[What is needed]
Your response should be the complete data, transcribed exactly.

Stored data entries
:::::
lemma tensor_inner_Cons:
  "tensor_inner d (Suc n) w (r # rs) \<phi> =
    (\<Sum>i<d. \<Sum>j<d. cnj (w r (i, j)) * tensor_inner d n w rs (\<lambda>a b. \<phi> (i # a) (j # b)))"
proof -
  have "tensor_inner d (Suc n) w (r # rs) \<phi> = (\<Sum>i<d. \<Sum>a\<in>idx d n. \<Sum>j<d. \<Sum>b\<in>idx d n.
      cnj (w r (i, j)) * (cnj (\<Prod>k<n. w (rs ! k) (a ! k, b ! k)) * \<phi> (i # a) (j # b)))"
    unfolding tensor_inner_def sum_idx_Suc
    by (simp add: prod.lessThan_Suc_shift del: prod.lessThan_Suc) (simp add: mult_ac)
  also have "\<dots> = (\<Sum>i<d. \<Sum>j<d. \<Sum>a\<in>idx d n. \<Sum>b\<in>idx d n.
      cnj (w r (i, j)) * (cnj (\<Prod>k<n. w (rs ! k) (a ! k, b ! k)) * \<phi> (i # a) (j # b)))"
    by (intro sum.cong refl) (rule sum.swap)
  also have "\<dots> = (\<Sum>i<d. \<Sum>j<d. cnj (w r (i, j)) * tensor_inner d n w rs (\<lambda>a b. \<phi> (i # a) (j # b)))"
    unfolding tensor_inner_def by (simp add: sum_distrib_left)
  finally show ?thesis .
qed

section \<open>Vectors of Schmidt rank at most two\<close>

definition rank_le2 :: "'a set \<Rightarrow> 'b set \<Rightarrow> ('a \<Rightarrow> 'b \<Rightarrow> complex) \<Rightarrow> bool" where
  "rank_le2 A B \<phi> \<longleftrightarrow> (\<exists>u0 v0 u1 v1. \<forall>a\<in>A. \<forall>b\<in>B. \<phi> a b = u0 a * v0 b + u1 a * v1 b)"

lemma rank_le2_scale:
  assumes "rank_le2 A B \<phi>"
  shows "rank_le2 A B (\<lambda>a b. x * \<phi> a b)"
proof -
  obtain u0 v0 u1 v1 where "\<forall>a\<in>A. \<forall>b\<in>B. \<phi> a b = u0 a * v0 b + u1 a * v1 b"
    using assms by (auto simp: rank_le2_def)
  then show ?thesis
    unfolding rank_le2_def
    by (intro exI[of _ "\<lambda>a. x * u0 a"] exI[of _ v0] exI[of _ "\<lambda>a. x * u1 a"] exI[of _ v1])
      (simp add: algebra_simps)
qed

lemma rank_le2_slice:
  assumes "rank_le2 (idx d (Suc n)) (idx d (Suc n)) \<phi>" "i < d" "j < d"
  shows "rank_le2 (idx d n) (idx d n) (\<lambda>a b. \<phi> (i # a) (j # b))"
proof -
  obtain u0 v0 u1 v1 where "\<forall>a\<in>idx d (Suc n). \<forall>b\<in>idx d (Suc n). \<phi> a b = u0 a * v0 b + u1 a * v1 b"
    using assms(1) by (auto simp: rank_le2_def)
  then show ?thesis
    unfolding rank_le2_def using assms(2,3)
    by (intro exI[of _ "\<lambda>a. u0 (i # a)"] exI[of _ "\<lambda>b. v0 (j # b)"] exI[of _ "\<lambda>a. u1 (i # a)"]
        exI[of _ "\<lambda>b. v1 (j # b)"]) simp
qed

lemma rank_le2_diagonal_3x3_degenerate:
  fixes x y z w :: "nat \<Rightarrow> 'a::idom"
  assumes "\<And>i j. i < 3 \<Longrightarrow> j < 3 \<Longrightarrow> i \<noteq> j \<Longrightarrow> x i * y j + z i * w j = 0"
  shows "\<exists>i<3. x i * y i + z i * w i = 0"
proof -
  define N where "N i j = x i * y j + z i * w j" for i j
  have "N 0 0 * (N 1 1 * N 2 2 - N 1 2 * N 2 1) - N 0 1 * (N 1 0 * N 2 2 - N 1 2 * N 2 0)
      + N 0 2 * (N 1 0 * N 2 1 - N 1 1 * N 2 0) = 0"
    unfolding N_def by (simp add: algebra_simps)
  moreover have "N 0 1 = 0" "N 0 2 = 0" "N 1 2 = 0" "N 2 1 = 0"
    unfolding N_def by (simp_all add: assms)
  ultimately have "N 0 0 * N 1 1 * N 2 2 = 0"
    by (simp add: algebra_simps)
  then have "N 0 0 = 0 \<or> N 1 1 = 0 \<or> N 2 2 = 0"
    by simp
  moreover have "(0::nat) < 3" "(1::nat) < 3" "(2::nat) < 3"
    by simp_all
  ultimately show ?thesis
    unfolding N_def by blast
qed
:::::
[Answer to the exercise]
lemma tensor_inner_Cons:
  "tensor_inner d (Suc n) w (r # rs) \<phi> =
    (\<Sum>i<d. \<Sum>j<d. cnj (w r (i, j)) * tensor_inner d n w rs (\<lambda>a b. \<phi> (i # a) (j # b)))"
proof -
  have "tensor_inner d (Suc n) w (r # rs) \<phi> = (\<Sum>i<d. \<Sum>a\<in>idx d n. \<Sum>j<d. \<Sum>b\<in>idx d n.
      cnj (w r (i, j)) * (cnj (\<Prod>k<n. w (rs ! k) (a ! k, b ! k)) * \<phi> (i # a) (j # b)))"
    unfolding tensor_inner_def sum_idx_Suc
    by (simp add: prod.lessThan_Suc_shift del: prod.lessThan_Suc) (simp add: mult_ac)
  also have "\<dots> = (\<Sum>i<d. \<Sum>j<d. \<Sum>a\<in>idx d n. \<Sum>b\<in>idx d n.
      cnj (w r (i, j)) * (cnj (\<Prod>k<n. w (rs ! k) (a ! k, b ! k)) * \<phi> (i # a) (j # b)))"
    by (intro sum.cong refl) (rule sum.swap)
  also have "\<dots> = (\<Sum>i<d. \<Sum>j<d. cnj (w r (i, j)) * tensor_inner d n w rs (\<lambda>a b. \<phi> (i # a) (j # b)))"
    unfolding tensor_inner_def by (simp add: sum_distrib_left)
  finally show ?thesis .
qed

section \<open>Vectors of Schmidt rank at most two\<close>

definition rank_le2 :: "'a set \<Rightarrow> 'b set \<Rightarrow> ('a \<Rightarrow> 'b \<Rightarrow> complex) \<Rightarrow> bool" where
  "rank_le2 A B \<phi> \<longleftrightarrow> (\<exists>u0 v0 u1 v1. \<forall>a\<in>A. \<forall>b\<in>B. \<phi> a b = u0 a * v0 b + u1 a * v1 b)"

lemma rank_le2_scale:
  assumes "rank_le2 A B \<phi>"
  shows "rank_le2 A B (\<lambda>a b. x * \<phi> a b)"
proof -
  obtain u0 v0 u1 v1 where "\<forall>a\<in>A. \<forall>b\<in>B. \<phi> a b = u0 a * v0 b + u1 a * v1 b"
    using assms by (auto simp: rank_le2_def)
  then show ?thesis
    unfolding rank_le2_def
    by (intro exI[of _ "\<lambda>a. x * u0 a"] exI[of _ v0] exI[of _ "\<lambda>a. x * u1 a"] exI[of _ v1])
      (simp add: algebra_simps)
qed

lemma rank_le2_slice:
  assumes "rank_le2 (idx d (Suc n)) (idx d (Suc n)) \<phi>" "i < d" "j < d"
  shows "rank_le2 (idx d n) (idx d n) (\<lambda>a b. \<phi> (i # a) (j # b))"
proof -
  obtain u0 v0 u1 v1 where "\<forall>a\<in>idx d (Suc n). \<forall>b\<in>idx d (Suc n). \<phi> a b = u0 a * v0 b + u1 a * v1 b"
    using assms(1) by (auto simp: rank_le2_def)
  then show ?thesis
    unfolding rank_le2_def using assms(2,3)
    by (intro exI[of _ "\<lambda>a. u0 (i # a)"] exI[of _ "\<lambda>b. v0 (j # b)"] exI[of _ "\<lambda>a. u1 (i # a)"]
        exI[of _ "\<lambda>b. v1 (j # b)"]) simp
qed

lemma rank_le2_diagonal_3x3_degenerate:
  fixes x y z w :: "nat \<Rightarrow> 'a::idom"
  assumes "\<And>i j. i < 3 \<Longrightarrow> j < 3 \<Longrightarrow> i \<noteq> j \<Longrightarrow> x i * y j + z i * w j = 0"
  shows "\<exists>i<3. x i * y i + z i * w i = 0"
proof -
  define N where "N i j = x i * y j + z i * w j" for i j
  have "N 0 0 * (N 1 1 * N 2 2 - N 1 2 * N 2 1) - N 0 1 * (N 1 0 * N 2 2 - N 1 2 * N 2 0)
      + N 0 2 * (N 1 0 * N 2 1 - N 1 1 * N 2 0) = 0"
    unfolding N_def by (simp add: algebra_simps)
  moreover have "N 0 1 = 0" "N 0 2 = 0" "N 1 2 = 0" "N 2 1 = 0"
    unfolding N_def by (simp_all add: assms)
  ultimately have "N 0 0 * N 1 1 * N 2 2 = 0"
    by (simp add: algebra_simps)
  then have "N 0 0 = 0 \<or> N 1 1 = 0 \<or> N 2 2 = 0"
    by simp
  moreover have "(0::nat) < 3" "(1::nat) < 3" "(2::nat) < 3"
    by simp_all
  ultimately show ?thesis
    unfolding N_def by blast
qed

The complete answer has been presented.